Getting rid of some great quarterbacks will certainly help improve those numbers, but this is no longer the smashmouth, pound-the-run league that it once was. It's not as simple to defend what today's offenses throw at you as it was during the I-formation days of yore, and several SEC defenses have a long way to go before anyone would consider them competent at containing such attacks.

You have Gus Malzahn's ground-based spread at Auburn, which led the nation with 328.3 rushing yards per game and nearly carried the Tigers to a BCS crown. There's Missouri's version that featured one of the league's top rushing attacks and some dangerous (and huge) weapons at wideout. Kevin Sumlin's spread at Texas A&M obviously benefited from having Manziel as the triggerman, but the Aggies are still going to post big numbers even without Johnny Football.

And you've still got versatile offensive schemes such as those at Ole Miss, South Carolina and Georgia -- all of which will start senior quarterbacks -- that will almost certainly continue to produce on the ground and through the air. Wild cards LSU, Florida and Mississippi State also have the potential to be impressive on offense depending on how their quarterbacks and young skill players develop.

Add it all up and it still looks like 2014 will still be a promising year for SEC offenses, even if it might not match the production from a period that featured some of the league's best quarterback talent in at least a generation.

That said, the league will still have its share of defensive stalwarts, and that group might even grow a bit larger this fall.

Alabama's defense is always one of the best, and a talented Florida team should take a step forward after injuries crippled it a season ago. South Carolina, LSU and Mississippi State all look to be impressive, while Georgia returns most of its starters and scored points in convincing Jeremy Pruitt to defect from Florida State to become its new defensive coordinator.

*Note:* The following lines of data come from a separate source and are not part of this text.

(* Suppose the positive sequences $\{\gamma_k\}$, $\{\lambda_k\}$ satisfy Assumption (A2), and let $\{x_k\}$ be generated by the IR-IG method. Then (a) $\lim_{k\to\infty}\|x_k-x_{\lambda_{k-1}}^*\|=0$; (b) if in addition $\lim_{k\to\infty}\lambda_k=0$, then $x_k\to x_h^*$.
   Context: Standing setup: $X\subset\mathbb{R}^n$ is nonempty, compact and convex. $f_1,\dots,f_m:\mathbb{R}^n\to\mathbb{R}$ are convex (possibly nondifferentiable) functions and $f=\sum_{i=1}^m f_i$. $h:\mathbb{R}^n\to\mathbb{R}$ is strongly convex with parameter $\mu_h>0$ (possibly nondifferentiable). Let $X^*=\arg\min_{x\in X}f(x)$ and let $x_h^*$ be the unique minimizer of $h$ over $X^*$. For $\lambda>0$, $x_\lambda^*$ denotes the unique minimizer of $f+\lambda h$ over $X$. $\mathcal{P}_X$ denotes Euclidean projection onto $X$. IR-IG method: given $x_0\in X$ and positive sequences $\{\gamma_k\}$, $\{\lambda_k\}$, for each $k\ge0$ set $x_{k,0}=x_k$; for $i=0,\dots,m-1$ pick any $g_{f_{i+1}}(x_{k,i})\in\partial f_{i+1}(x_{k,i})$ and $g_h(x_{k,i})\in\partial h(x_{k,i})$ and set $x_{k,i+1}=\mathcal{P}_X\big(x_{k,i}-\gamma_k\big(g_{f_{i+1}}(x_{k,i})+\tfrac{\lambda_k}{m}g_h(x_{k,i})\big)\big)$; then set $x_{k+1}=x_{k,m}$. Assumption (A2) on $\{\gamma_k\},\{\lambda_k\}$: (a) both are non-increasing positive sequences with $\gamma_0\lambda_0\le 2m/\mu_h$; (b) $\sum_{k=0}^\infty\gamma_k\lambda_k=\infty$; (c) $\sum_{k=1}^\infty\frac{1}{\gamma_k\lambda_k}\left(\frac{\lambda_{k-1}}{\lambda_k}-1\right)^2<\infty$; (d) $\sum_{k=0}^\infty\gamma_k^2<\infty$; (e) $\lim_{k\to\infty}\frac{1}{\gamma_k^2\lambda_k^2}\left(\frac{\lambda_{k-1}}{\lambda_k}-1\right)^2=0$; (f) $\lim_{k\to\infty}\gamma_k/\lambda_k=0$. *)

theory Defs
  imports "HOL-Analysis.Analysis"
begin

definition subdiff :: "('a::real_inner \<Rightarrow> real) \<Rightarrow> 'a \<Rightarrow> 'a set" where
  "subdiff g x = {s. \<forall>y. g y \<ge> g x + inner s (y - x)}"

definition strongly_convex :: "real \<Rightarrow> ('a::real_normed_vector \<Rightarrow> real) \<Rightarrow> bool" where
  "strongly_convex mu g \<longleftrightarrow> (\<forall>x y t. 0 \<le> t \<and> t \<le> 1 \<longrightarrow>
      g (t *\<^sub>R x + (1 - t) *\<^sub>R y) \<le> t * g x + (1 - t) * g y - mu / 2 * t * (1 - t) * (norm (x - y))\<^sup>2)"

definition argmin_set :: "('a \<Rightarrow> real) \<Rightarrow> 'a set \<Rightarrow> 'a set" where
  "argmin_set g S = {x \<in> S. \<forall>y\<in>S. g x \<le> g y}"

text \<open>The unique minimizer of g over S (meaningful when it exists and is unique).\<close>
definition the_argmin :: "('a \<Rightarrow> real) \<Rightarrow> 'a set \<Rightarrow> 'a" where
  "the_argmin g S = (THE x. x \<in> argmin_set g S)"

end

theory Submission
  imports Defs
begin

(*
  The regularized minimizer x*_lam of f + lam h over X satisfies a quadratic growth
  condition with modulus lam mu/4. Hence one pass of the incremental projected subgradient
  method contracts the squared distance to x*_(lam_k) by the factor 1 - gam_k lam_k mu/2, up to
  an error O(gam_k^2) caused by the subgradients being taken along the pass. Growth together
  with the Lipschitz continuity of h on X bounds the drift |x*_(lam_k) - x*_(lam_(k+1))| by a
  multiple of lam_k/lam_(k+1) - 1. Both together give a recursion
  u_(k+1) <= (1 - a_k) u_k + b_k with sum a_k = infinity and b_k/a_k -> 0 for the squared
  tracking error, which therefore vanishes: this is part (a). For lam -> 0 the regularized
  minimizers converge to the h-minimal minimizer of f (Tikhonov regularization), which gives (b).
*)

section \<open>Perturbed contractions\<close>

lemma contraction_tendsto_zero:
  fixes w a :: "nat \<Rightarrow> real"
  assumes w_nonneg: "\<And>k. w k \<ge> 0" and a_pos: "\<And>k. a k > 0"
    and not_summable: "\<not> summable a"
    and step: "\<And>k. w (Suc k) \<le> (1 - a k) * w k"
  shows "w \<longlonglongrightarrow> 0"
proof -
  have "w (Suc k) \<le> w k" for k
  proof -
    have "0 \<le> a k * w k" using a_pos[of k] w_nonneg[of k] by simp
    then show ?thesis using step[of k] by (simp add: left_diff_distrib)
  qed
  then obtain L where lim: "w \<longlonglongrightarrow> L" and L_le: "\<And>k. L \<le> w k"
    using decseq_convergent[of w 0] w_nonneg decseq_SucI by blast
  have "L = 0"
  proof (rule ccontr)
    assume "L \<noteq> 0"
    moreover have "0 \<le> L" using LIMSEQ_le_const[OF lim] w_nonneg by blast
    ultimately have L_pos: "L > 0" by simp
    have bound: "a k \<le> (w k - w (Suc k)) / L" for k
    proof -
      have "a k * L \<le> a k * w k" using L_le a_pos[of k] by (simp add: mult_left_mono)
      also have "\<dots> \<le> w k - w (Suc k)" using step[of k] by (simp add: algebra_simps)
      finally show ?thesis using L_pos by (simp add: le_divide_eq)
    qed
    have "summable (\<lambda>k. (w k - w (Suc k)) / L)"
      using telescope_summable'[OF lim] by (rule summable_divide)
    then have "summable a"
      by (rule summable_comparison_test') (use bound a_pos in \<open>simp add: abs_of_pos\<close>)
    with not_summable show False ..
  qed
  with lim show ?thesis by simp
qed
text \<open>Quasistability forces every far side into the window: the lower bound is
  semistability of the tail, the strict upper bound is quasistability of its
  complement, which contains X.\<close>

lemma quasistable_far_side_window:
  assumes qs: "quasistable C X m" and n: "n \<in> nodes C"
  shows "- 1/2 \<le> balance C m (far_side n) \<and> balance C m (far_side n) < 1/2"
proof -
  have k: "k_sub C (far_side n) = 1" "k_sub C (comps C - far_side n) = 1"
    using crossing_far_side[OF n] crossing_complement[OF far_side_subset]
    by (simp_all add: k_sub_crossing)
  have "far_side n \<noteq> {}" "far_side n \<noteq> comps C"
    using far_side_nonempty[OF n] X_notin_far_side X_comp by blast+
  then have "\<bar>balance C m (far_side n)\<bar> \<le> real (k_sub C (far_side n)) / 2"
    using qs far_side_subset unfolding quasistable_def semistable_def by blast
  moreover have "comps C - far_side n \<noteq> comps C"
    using far_side_nonempty[OF n] far_side_subset by blast
  then have "balance C m (comps C - far_side n) > - real (k_sub C (comps C - far_side n)) / 2"
    using qs X_comp X_notin_far_side unfolding quasistable_def by blast
  ultimately show ?thesis
    using balance_complement[OF far_side_subset, of m n] k by (simp add: abs_le_iff)
qed

text \<open>Conversely, if all far sides lie in the window, the multidegree is X-quasistable:
  the decomposition bounds each crossing term by 1/2, and for Y containing X a node
  pointing into Y contributes a term strictly above -1/2.\<close>

lemma quasistable_if_far_side_windows:
  assumes window: "\<And>n. n \<in> nodes C \<Longrightarrow>
      - 1/2 \<le> balance C m (far_side n) \<and> balance C m (far_side n) < 1/2"
  shows "quasistable C X m"
proof -
  have term_bound: "- 1/2 \<le> orientation n Y * balance C m (far_side n)
      \<and> orientation n Y * balance C m (far_side n) \<le> 1/2" if "n \<in> crossing Y" for n Y
    using orientation_values[of n Y] window[OF crossing_nodes[OF that]] by auto
  have "\<bar>balance C m Y\<bar> \<le> real (k_sub C Y) / 2" if Y: "Y \<subseteq> comps C" for Y
  proof -
    have "\<bar>balance C m Y\<bar> \<le> (\<Sum>n\<in>crossing Y. \<bar>orientation n Y * balance C m (far_side n)\<bar>)"
      unfolding balance_decomposition[OF Y] by (rule sum_abs)
    also have "\<dots> \<le> (\<Sum>n\<in>crossing Y. 1/2)"
    proof (rule sum_mono)
      fix n assume "n \<in> crossing Y"
      then show "\<bar>orientation n Y * balance C m (far_side n)\<bar> \<le> 1/2"
        using term_bound[of n Y] by linarith
    qed
    finally show ?thesis by (simp add: k_sub_crossing)
  qed
  moreover have "balance C m Y > - real (k_sub C Y) / 2"
    if Y: "Y \<subseteq> comps C" "Y \<noteq> comps C" "X \<in> Y" for Y
  proof -
    obtain v where "v \<in> comps C" "v \<notin> Y" using Y by blast
    then obtain n where n: "n \<in> crossing Y" "orientation n Y = -1"
      using inward_crossing_exists Y(3) by blast
    have "(\<Sum>n\<in>crossing Y. (- 1/2::real)) < (\<Sum>n\<in>crossing Y. orientation n Y * balance C m (far_side n))"
    proof (rule sum_strict_mono_ex1[OF crossing_finite])
      show "\<forall>l\<in>crossing Y. - 1/2 \<le> orientation l Y * balance C m (far_side l)"
        using term_bound by blast
      show "\<exists>l\<in>crossing Y. - 1/2 < orientation l Y * balance C m (far_side l)"
        using n window[OF crossing_nodes[OF n(1)]] by (intro bexI[of _ n]) auto
    qed
    then show ?thesis unfolding balance_decomposition[OF Y(1)] by (simp add: k_sub_crossing)
  qed
  ultimately show ?thesis by (simp add: quasistable_def semistable_def)
qed

definition twist :: "'v multideg \<Rightarrow> 'v multideg" where
  "twist m v = m v + unit_mdeg X v - (\<Sum>Z\<in>big_tails C m X. mdeg_OZ C Z v)"

lemma big_tail_far_side: "Z \<in> big_tails C m X \<Longrightarrow> \<exists>n\<in>nodes C. Z = far_side n"
  using tail_is_far_side by (auto simp: big_tails_def big_tail_def)

lemma big_tails_finite: "finite (big_tails C m X)"
  by (rule finite_subset[of _ "far_side ` nodes C"]) (use big_tail_far_side nodes_finite in auto)

lemma deg_O_far_side:
  assumes n: "n \<in> nodes C" and Y: "Y \<subseteq> comps C"
  shows "deg_sub (mdeg_OZ C (far_side n)) Y = of_bool (near_end n \<in> Y) - of_bool (far_end n \<in> Y)"
proof -
  have "mdeg_OZ C (far_side n) v = of_bool (v = near_end n) - of_bool (v = far_end n)" for v
    using crossing_far_side[OF n] node_branches[OF n] unfolding mdeg_OZ_def crossing_def by auto
  moreover have "finite Y" using Y comps_finite finite_subset by blast
  ultimately show ?thesis unfolding deg_sub_def by (simp add: sum_subtractf)
qed

lemma deg_O_big_tail_on_far_side:
  assumes Z: "Z \<in> big_tails C m X" and n: "n \<in> nodes C"
  shows "deg_sub (mdeg_OZ C Z) (far_side n) = - of_bool (Z = far_side n)"
proof -
  obtain l where l: "l \<in> nodes C" "Z = far_side l" using big_tail_far_side Z by blast
  show ?thesis
  proof (cases "l = n")
    case False
    then have "far_end l \<in> far_side n \<longleftrightarrow> near_end l \<in> far_side n"
      using far_side_closed[of l n] l node_branches[OF l(1)] by auto
    then show ?thesis using deg_O_far_side[OF l(1) far_side_subset] l far_side_inj n False by auto
  qed (use deg_O_far_side[OF l(1) far_side_subset] node_branches[OF l(1)] l in simp)
qed

lemma deg_twist:
  assumes Y: "Y \<subseteq> comps C"
  shows "deg_sub (twist m) Y
       = deg_sub m Y + of_bool (X \<in> Y) - (\<Sum>Z\<in>big_tails C m X. deg_sub (mdeg_OZ C Z) Y)"
proof -
  have "finite Y" using Y comps_finite finite_subset by blast
  then have "(\<Sum>v\<in>Y. unit_mdeg X v) = of_bool (X \<in> Y)" by (simp add: unit_mdeg_def)
  then show ?thesis
    unfolding twist_def deg_sub_def by (simp add: sum.distrib sum_subtractf sum.swap[of _ Y])
qed

lemma total_deg_twist: "total_deg C (twist m) = total_deg C m + 1"
proof -
  have "deg_sub (mdeg_OZ C Z) (comps C) = 0" if "Z \<in> big_tails C m X" for Z
    using big_tail_far_side[OF that] deg_O_far_side[of _ "comps C"] node_branches by force
  then show ?thesis using deg_twist[of "comps C"] X_comp by (simp add: total_deg_def)
qed

lemma deg_twist_far_side:
  assumes n: "n \<in> nodes C"
  shows "deg_sub (twist m) (far_side n) = deg_sub m (far_side n) + of_bool (far_side n \<in> big_tails C m X)"
proof -
  have "(\<Sum>Z\<in>big_tails C m X. deg_sub (mdeg_OZ C Z) (far_side n))
      = (\<Sum>Z\<in>big_tails C m X. - of_bool (Z = far_side n))"
    using deg_O_big_tail_on_far_side n by (intro sum.cong) auto
  also have "\<dots> = - of_bool (far_side n \<in> big_tails C m X)"
    using big_tails_finite by (simp add: sum_negf)
  finally show ?thesis using deg_twist[OF far_side_subset] X_notin_far_side by simp
qed

lemma twist_far_side_window:
  assumes qs: "quasistable C X m" and n: "n \<in> nodes C"
  shows "- 1/2 \<le> balance C (twist m) (far_side n) \<and> balance C (twist m) (far_side n) < 1/2"
proof -
  define G where "G = genus C"
  define A where "A = scaled_balance C m (far_side n)"
  define w where "w = deg_omega C (far_side n)"
  define gF where "gF = genus_sub C (far_side n)"
  have "k_sub C (far_side n) = 1" using far_side_is_tail[OF n] by (simp add: is_tail_def)
  then have w_genus: "w = 2 * gF - 1" unfolding w_def gF_def deg_omega_def by simp
  have "0 \<le> deg_omega C (comps C - far_side n)" by (rule omega_nonneg) blast
  then have w: "w = 2 * gF - 1" "0 \<le> w" "w \<le> 2 * G - 2"
    using w_genus omega_nonneg[OF far_side_subset[of n]] omega_complement[OF far_side_subset[of n]]
      omega_comps unfolding w_def G_def by linarith+
  have A: "- (2 * G - 2) \<le> 2 * A" "2 * A < 2 * G - 2"
    using quasistable_far_side_window[OF qs n] unfolding balance_window_iff A_def G_def by auto
  have big: "far_side n \<in> big_tails C m X \<longleftrightarrow> A < 2 * gF - G"
    using far_side_is_tail[OF n] X_notin_far_side
    unfolding big_tails_def big_tail_def A_def gF_def G_def scaled_balance_def by auto
  have "scaled_balance C (twist m) (far_side n)
      = A + (if A < 2 * gF - G then 2 * G - 2 else 0) - w"
    using deg_twist_far_side[OF n, of m] total_deg_twist[of m] big
    unfolding scaled_balance_def A_def w_def G_def by (simp add: algebra_simps)
  then show ?thesis
    unfolding balance_window_iff using twist_stays_in_window[OF w A] by (simp add: G_def)
qed

end

theorem mainTheorem3:
  fixes C :: "('v, 'n) nodal_curve" and X :: 'v and md :: "'v multideg"
  assumes "wf_curve C" and "compact_type C" and "stable C" and "genus C \<ge> 2"
    and "X \<in> comps C"
    and "quasistable C X md"
  shows "quasistable C X
           (\<lambda>v. md v + unit_mdeg X v - (\<Sum>Z\<in>big_tails C md X. mdeg_OZ C Z v))"
proof -
  interpret stable_compact_type_curve C X
    using assms by unfold_locales auto
  have "quasistable C X (twist md)"
    using quasistable_if_far_side_windows twist_far_side_window[OF assms(6)] by blast
  then show ?thesis unfolding twist_def .
qed

end
lemma half_sq_dist_subgradient: "half_sq_dist (prox x) + grad x \<bullet> d \<le> half_sq_dist (prox x + d)"
proof -
  let ?z = "prox x"
  have "grad x \<bullet> d \<le> half_sq_dist (?z + d) - half_sq_dist ?z"
  proof (rule convex_on_increment_ge_if_quadratic_minorant[OF convex_on_half_sq_dist,
        where C = "L / (2 * \<theta>) * (Ns d)\<^sup>2"])
    fix t :: real assume t: "0 < t" "t < 1"
    have "penalty (x - (?z + t *\<^sub>R d))
        \<le> penalty (x - ?z) + grad x \<bullet> (- (t *\<^sub>R d)) + L / (2 * \<theta>) * (Ns (- (t *\<^sub>R d)))\<^sup>2"
      using penalty_upper_bound[of "x - (?z + t *\<^sub>R d)" "x - ?z"] by (simp add: grad_def)
    also have "\<dots> = penalty (x - ?z) - t * (grad x \<bullet> d) + t\<^sup>2 * (L / (2 * \<theta>) * (Ns d)\<^sup>2)"
      using t by (simp add: is_norm_minus[OF Ns] is_norm_scaleR[OF Ns] power_mult_distrib)
    finally show "t * (grad x \<bullet> d) - t\<^sup>2 * (L / (2 * \<theta>) * (Ns d)\<^sup>2)
        \<le> half_sq_dist (?z + t *\<^sub>R d) - half_sq_dist ?z"
      using objective_prox_le[of x "?z + t *\<^sub>R d"] by (simp add: objective_def)
  qed
  then show ?thesis by simp
qed

lemma M_subgradient: "M x + grad x \<bullet> (y - x) \<le> M y"
proof -
  have "half_sq_dist (prox x) + grad x \<bullet> (prox y - prox x) \<le> half_sq_dist (prox y)"
    using half_sq_dist_subgradient[of x "prox y - prox x"] by simp
  moreover have "penalty (x - prox x) + grad x \<bullet> ((y - prox y) - (x - prox x)) \<le> penalty (y - prox y)"
    using penalty_gradient_inequality by (simp add: grad_def)
  moreover have "grad x \<bullet> (prox y - prox x) + grad x \<bullet> ((y - prox y) - (x - prox x)) = grad x \<bullet> (y - x)"
    by (simp add: inner_diff_right)
  ultimately show ?thesis by (simp add: M_eq_objective_prox objective_def)
qed

lemma M_upper_bound: "M y \<le> M x + grad x \<bullet> (y - x) + L / (2 * \<theta>) * (Ns (y - x))\<^sup>2"
proof -
  have "M y \<le> half_sq_dist (prox x) + penalty (y - prox x)"
    using M_le_objective by (simp add: objective_def)
  also have "penalty (y - prox x)
      \<le> penalty (x - prox x) + grad x \<bullet> (y - x) + L / (2 * \<theta>) * (Ns (y - x))\<^sup>2"
    using penalty_upper_bound[of "y - prox x" "x - prox x"] by (simp add: grad_def)
  finally show ?thesis by (simp add: M_eq_objective_prox objective_def)
qed
(* Let $p$ be the characteristic of $\mathbb{F}_q$, $t\ge1$, $m=p^t$, and let $v_1,v_2\in\mathcal{R}=\mathbb{F}_q[x]/(x^{p^t}-1)$ with $\gcd(v_1v_2-1,x^{p^t}-1)=1$. Let $r_1,r_2$ be integers with $0<r_1<r_2<\frac{p^t-1}{2}$, and let $\mathcal{C}$ be the QC code of length $2p^t$ generated by $((x-1)^{r_1},v_1(x-1)^{r_1})$ and $(v_2(x-1)^{r_2},(x-1)^{r_2})$. Then $\mathcal{C}^{\perp_E}$ is the QC code generated by $((x-1)^{p^t-r_1},-\overline{v_2}(x-1)^{p^t-r_1})$ and $(-\overline{v_1}(x-1)^{p^t-r_2},(x-1)^{p^t-r_2})$, and $\mathcal{C}^{\perp_E}\subseteq\mathcal{C}$.
   Context: Elements of $\mathcal{R}$ are identified with representatives of degree $<m$; $[k]=(k_0,\dots,k_{m-1})$; $\overline{k}(x)=k(x^{-1})\bmod(x^m-1)$. The QC code generated by $(u_{i1},u_{i2})$, $i=1,2$, is $\{([r_1u_{11}+r_2u_{21}],[r_1u_{12}+r_2u_{22}]):r_i\in\mathcal{R}\}\subseteq\mathbb{F}_q^{2m}$. $\mathcal{C}^{\perp_E}$ is the dual with respect to $\langle u,v\rangle_E=\sum u_iv_i$. *)

theory Defs
  imports "HOL-Computational_Algebra.Computational_Algebra"
begin

definition xm1 :: "nat \<Rightarrow> 'a::field poly" where
  "xm1 m = monom 1 m - 1"

definition cvec :: "nat \<Rightarrow> 'a::field poly \<Rightarrow> 'a list" where
  "cvec m k = map (\<lambda>i. coeff (k mod xm1 m) i) [0..<m]"

text \<open>conjugate: k(x^{-1}) mod (x^m - 1), using x^{-1} = x^{m-1} in R.\<close>
definition pconj :: "nat \<Rightarrow> 'a::field poly \<Rightarrow> 'a poly" where
  "pconj m k = (\<Sum>i<m. monom (coeff (k mod xm1 m) i) ((m - i) mod m)) mod xm1 m"

definition qc_code :: "nat \<Rightarrow> 'a::field poly \<Rightarrow> 'a poly \<Rightarrow> 'a poly \<Rightarrow> 'a poly \<Rightarrow> 'a list set" where
  "qc_code m u11 u12 u21 u22 =
     {cvec m (r1 * u11 + r2 * u21) @ cvec m (r1 * u12 + r2 * u22) | r1 r2. True}"

definition euclid_ip :: "'a::field list \<Rightarrow> 'a list \<Rightarrow> 'a" where
  "euclid_ip u v = (\<Sum>i<length u. u ! i * v ! i)"
(* Let $T$ be a tree rooted at a vertex $v$ such that every vertex $u\in V(T)\setminus\{v\}$ satisfies $d_T(u)\le 2$. Then (a) $v\in\mathcal{A}(T)$ if and only if $|C^2(v)|=0$ and $|C^1(v)|\le 1$; (b) $v\in\mathcal{N}(T)$ if and only if $|C^2(v)|=2$ or $|C^1(v)|+|C^2(v)|\ge 3$.
   Context: All graphs are finite, simple and undirected. A dissociation set of a graph $G$ is a set $F\subseteq V(G)$ such that $G[F]$ has maximum degree at most $1$; a maximum dissociation set is one of maximum cardinality. $\mathcal{A}(G)$ is the set of vertices of $G$ contained in every maximum dissociation set of $G$, and $\mathcal{N}(G)$ is the set of vertices of $G$ contained in no maximum dissociation set of $G$. In a tree $T$ rooted at $v$, $C(v)$ denotes the set of children of $v$, and for a vertex $w$, $T_w$ denotes the subtree induced by $w$ and all its descendants. Under the hypothesis that all non-root vertices have degree at most $2$, for each child $w$ of $v$ the subtree $T_w$ is a path having $w$ as an end vertex. For $i\in\{0,1,2\}$, $C^i(v)$ denotes the set of children $w\in C(v)$ such that the number of vertices of the path $T_w$ is congruent to $i$ modulo $3$. *)

theory Defs
  imports Main
begin

definition simple_graph :: "'a set \<Rightarrow> ('a \<Rightarrow> 'a \<Rightarrow> bool) \<Rightarrow> bool" where
  "simple_graph V E \<longleftrightarrow> finite V \<and> (\<forall>u w. E u w \<longrightarrow> u \<in> V \<and> w \<in> V)
     \<and> (\<forall>u w. E u w \<longrightarrow> E w u) \<and> (\<forall>u. \<not> E u u)"

definition degree :: "'a set \<Rightarrow> ('a \<Rightarrow> 'a \<Rightarrow> bool) \<Rightarrow> 'a \<Rightarrow> nat" where
  "degree V E u = card {w \<in> V. E u w}"

definition reach_in :: "'a set \<Rightarrow> ('a \<Rightarrow> 'a \<Rightarrow> bool) \<Rightarrow> 'a \<Rightarrow> 'a \<Rightarrow> bool" where
  "reach_in S E = (\<lambda>x y. x \<in> S \<and> y \<in> S \<and> E x y)\<^sup>*\<^sup>*"

definition connected_graph :: "'a set \<Rightarrow> ('a \<Rightarrow> 'a \<Rightarrow> bool) \<Rightarrow> bool" where
  "connected_graph V E \<longleftrightarrow> V \<noteq> {} \<and> (\<forall>x\<in>V. \<forall>y\<in>V. reach_in V E x y)"

definition is_cycle :: "'a set \<Rightarrow> ('a \<Rightarrow> 'a \<Rightarrow> bool) \<Rightarrow> 'a list \<Rightarrow> bool" where
  "is_cycle V E cs \<longleftrightarrow> length cs \<ge> 3 \<and> distinct cs \<and> set cs \<subseteq> V
     \<and> (\<forall>i. Suc i < length cs \<longrightarrow> E (cs ! i) (cs ! Suc i)) \<and> E (last cs) (hd cs)"

definition is_tree :: "'a set \<Rightarrow> ('a \<Rightarrow> 'a \<Rightarrow> bool) \<Rightarrow> bool" where
  "is_tree V E \<longleftrightarrow> simple_graph V E \<and> connected_graph V E \<and> (\<nexists>cs. is_cycle V E cs)"

definition dissociation_set :: "'a set \<Rightarrow> ('a \<Rightarrow> 'a \<Rightarrow> bool) \<Rightarrow> 'a set \<Rightarrow> bool" where
  "dissociation_set V E F \<longleftrightarrow> F \<subseteq> V \<and> (\<forall>x\<in>F. card {y \<in> F. E x y} \<le> 1)"

definition max_dissociation_set :: "'a set \<Rightarrow> ('a \<Rightarrow> 'a \<Rightarrow> bool) \<Rightarrow> 'a set \<Rightarrow> bool" where
  "max_dissociation_set V E F \<longleftrightarrow> dissociation_set V E F
     \<and> (\<forall>F'. dissociation_set V E F' \<longrightarrow> card F' \<le> card F)"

Those groups should be fine. If the league is to recover some of its defensive reputation, however, it will be a matter of the league's worst defenses suddenly getting their acts together -- and that will be a tall order since some of them were truly awful last season.

So to answer the original question, will SEC defenses improve this season? Sure, but don't expect a defensive renaissance to occur anytime soon. As long as the league features this many innovative offensive minds and explosive playmakers, the days where most SEC teams dominated the national defensive rankings are not coming back.